Task data START
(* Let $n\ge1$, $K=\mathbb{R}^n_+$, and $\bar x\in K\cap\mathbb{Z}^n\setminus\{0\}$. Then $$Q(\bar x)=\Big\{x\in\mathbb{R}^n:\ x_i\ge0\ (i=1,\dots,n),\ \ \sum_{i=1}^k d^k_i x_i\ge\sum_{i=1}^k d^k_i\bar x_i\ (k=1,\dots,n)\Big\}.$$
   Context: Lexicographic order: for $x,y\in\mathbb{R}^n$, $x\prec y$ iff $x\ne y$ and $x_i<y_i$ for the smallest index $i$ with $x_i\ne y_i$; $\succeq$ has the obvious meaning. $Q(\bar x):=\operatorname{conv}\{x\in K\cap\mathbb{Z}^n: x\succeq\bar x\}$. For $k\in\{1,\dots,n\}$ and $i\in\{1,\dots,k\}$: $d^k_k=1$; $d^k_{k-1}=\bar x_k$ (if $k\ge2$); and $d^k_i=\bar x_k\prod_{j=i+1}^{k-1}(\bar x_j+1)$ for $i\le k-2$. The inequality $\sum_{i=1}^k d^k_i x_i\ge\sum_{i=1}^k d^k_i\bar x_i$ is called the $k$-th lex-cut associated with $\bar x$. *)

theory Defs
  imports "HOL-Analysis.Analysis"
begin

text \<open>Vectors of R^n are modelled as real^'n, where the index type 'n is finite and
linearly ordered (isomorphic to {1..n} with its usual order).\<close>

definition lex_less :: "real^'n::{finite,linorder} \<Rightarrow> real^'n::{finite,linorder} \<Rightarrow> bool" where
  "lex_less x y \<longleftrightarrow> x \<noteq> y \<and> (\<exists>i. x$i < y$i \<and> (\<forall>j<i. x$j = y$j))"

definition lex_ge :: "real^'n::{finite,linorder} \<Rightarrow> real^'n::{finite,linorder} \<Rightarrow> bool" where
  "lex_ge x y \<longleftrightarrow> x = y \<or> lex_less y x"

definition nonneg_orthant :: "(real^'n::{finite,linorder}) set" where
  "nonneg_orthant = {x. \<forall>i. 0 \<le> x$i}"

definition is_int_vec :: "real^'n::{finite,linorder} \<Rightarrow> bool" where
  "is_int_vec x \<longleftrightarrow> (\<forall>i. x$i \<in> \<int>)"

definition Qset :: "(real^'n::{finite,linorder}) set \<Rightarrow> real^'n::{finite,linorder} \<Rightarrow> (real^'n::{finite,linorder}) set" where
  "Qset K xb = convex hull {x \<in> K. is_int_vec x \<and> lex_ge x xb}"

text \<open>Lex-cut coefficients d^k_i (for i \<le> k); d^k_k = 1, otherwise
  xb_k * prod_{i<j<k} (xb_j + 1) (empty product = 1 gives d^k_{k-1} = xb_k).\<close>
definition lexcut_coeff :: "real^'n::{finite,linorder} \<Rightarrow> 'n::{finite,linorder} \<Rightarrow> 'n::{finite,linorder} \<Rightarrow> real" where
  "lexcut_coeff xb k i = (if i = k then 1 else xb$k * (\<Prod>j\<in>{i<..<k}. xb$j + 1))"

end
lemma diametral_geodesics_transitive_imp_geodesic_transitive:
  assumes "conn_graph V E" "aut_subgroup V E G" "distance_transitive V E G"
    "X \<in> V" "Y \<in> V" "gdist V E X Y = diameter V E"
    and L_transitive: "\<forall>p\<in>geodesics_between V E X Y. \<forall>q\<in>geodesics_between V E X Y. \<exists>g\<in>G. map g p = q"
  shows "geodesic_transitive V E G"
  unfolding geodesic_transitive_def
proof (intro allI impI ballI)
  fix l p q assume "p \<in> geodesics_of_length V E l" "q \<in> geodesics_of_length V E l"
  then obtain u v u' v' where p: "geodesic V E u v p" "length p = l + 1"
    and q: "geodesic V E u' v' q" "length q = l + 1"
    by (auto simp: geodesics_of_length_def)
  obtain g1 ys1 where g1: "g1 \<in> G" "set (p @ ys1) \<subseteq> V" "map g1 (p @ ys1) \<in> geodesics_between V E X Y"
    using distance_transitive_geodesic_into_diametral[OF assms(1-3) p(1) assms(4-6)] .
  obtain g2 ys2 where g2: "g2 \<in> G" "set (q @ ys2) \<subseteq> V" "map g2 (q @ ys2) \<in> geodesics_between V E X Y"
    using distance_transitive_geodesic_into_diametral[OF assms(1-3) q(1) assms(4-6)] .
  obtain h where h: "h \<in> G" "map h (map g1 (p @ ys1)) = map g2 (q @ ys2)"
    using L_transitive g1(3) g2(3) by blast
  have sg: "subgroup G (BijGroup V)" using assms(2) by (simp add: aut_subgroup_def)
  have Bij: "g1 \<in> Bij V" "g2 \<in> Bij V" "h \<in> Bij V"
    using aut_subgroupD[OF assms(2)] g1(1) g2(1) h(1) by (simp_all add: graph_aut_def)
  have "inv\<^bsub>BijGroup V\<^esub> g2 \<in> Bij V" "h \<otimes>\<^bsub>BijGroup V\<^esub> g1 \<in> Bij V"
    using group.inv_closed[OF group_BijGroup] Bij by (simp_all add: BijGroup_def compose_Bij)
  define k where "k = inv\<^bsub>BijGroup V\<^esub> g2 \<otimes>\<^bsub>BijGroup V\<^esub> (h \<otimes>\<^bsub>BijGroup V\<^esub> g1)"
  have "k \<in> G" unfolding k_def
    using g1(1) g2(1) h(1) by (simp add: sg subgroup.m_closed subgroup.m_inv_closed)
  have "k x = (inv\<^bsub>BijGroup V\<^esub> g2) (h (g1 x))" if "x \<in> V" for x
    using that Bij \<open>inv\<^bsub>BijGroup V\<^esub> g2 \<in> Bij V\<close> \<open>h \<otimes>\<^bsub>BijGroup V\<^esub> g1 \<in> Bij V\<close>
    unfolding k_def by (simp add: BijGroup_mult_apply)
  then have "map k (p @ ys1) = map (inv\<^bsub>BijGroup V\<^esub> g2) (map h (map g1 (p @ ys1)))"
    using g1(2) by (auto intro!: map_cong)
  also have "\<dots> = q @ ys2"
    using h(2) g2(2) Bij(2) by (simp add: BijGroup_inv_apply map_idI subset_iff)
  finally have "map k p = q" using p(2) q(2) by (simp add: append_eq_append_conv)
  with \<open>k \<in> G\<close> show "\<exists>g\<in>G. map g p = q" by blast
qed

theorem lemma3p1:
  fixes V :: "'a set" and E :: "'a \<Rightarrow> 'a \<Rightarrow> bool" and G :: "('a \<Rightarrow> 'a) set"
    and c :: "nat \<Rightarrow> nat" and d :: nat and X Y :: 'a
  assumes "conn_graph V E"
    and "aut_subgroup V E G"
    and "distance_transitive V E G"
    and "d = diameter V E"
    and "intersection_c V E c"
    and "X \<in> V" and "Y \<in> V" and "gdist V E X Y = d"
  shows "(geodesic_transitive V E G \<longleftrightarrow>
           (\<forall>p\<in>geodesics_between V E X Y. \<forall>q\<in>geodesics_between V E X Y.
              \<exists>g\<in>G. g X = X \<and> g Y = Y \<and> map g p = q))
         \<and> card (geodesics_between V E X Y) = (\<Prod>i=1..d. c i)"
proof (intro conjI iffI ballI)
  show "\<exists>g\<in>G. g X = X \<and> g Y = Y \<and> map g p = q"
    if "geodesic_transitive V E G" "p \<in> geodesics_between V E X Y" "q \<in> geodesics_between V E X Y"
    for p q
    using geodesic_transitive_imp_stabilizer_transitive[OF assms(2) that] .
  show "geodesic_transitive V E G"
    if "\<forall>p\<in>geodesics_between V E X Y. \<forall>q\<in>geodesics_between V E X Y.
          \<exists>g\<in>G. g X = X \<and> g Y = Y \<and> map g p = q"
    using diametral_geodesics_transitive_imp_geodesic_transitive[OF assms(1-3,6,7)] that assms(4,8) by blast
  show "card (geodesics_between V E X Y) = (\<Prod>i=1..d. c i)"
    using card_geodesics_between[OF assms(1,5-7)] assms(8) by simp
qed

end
Task data END
- _What you are asked to do_
Your answer should consist of each line above in which "Qset" appears.

- _Solution for this exercise_
definition Qset :: "(real^'n::{finite,linorder}) set \<Rightarrow> real^'n::{finite,linorder} \<Rightarrow> (real^'n::{finite,linorder}) set" where
  "Qset K xb = convex hull {x \<in> K. is_int_vec x \<and> lex_ge x xb}"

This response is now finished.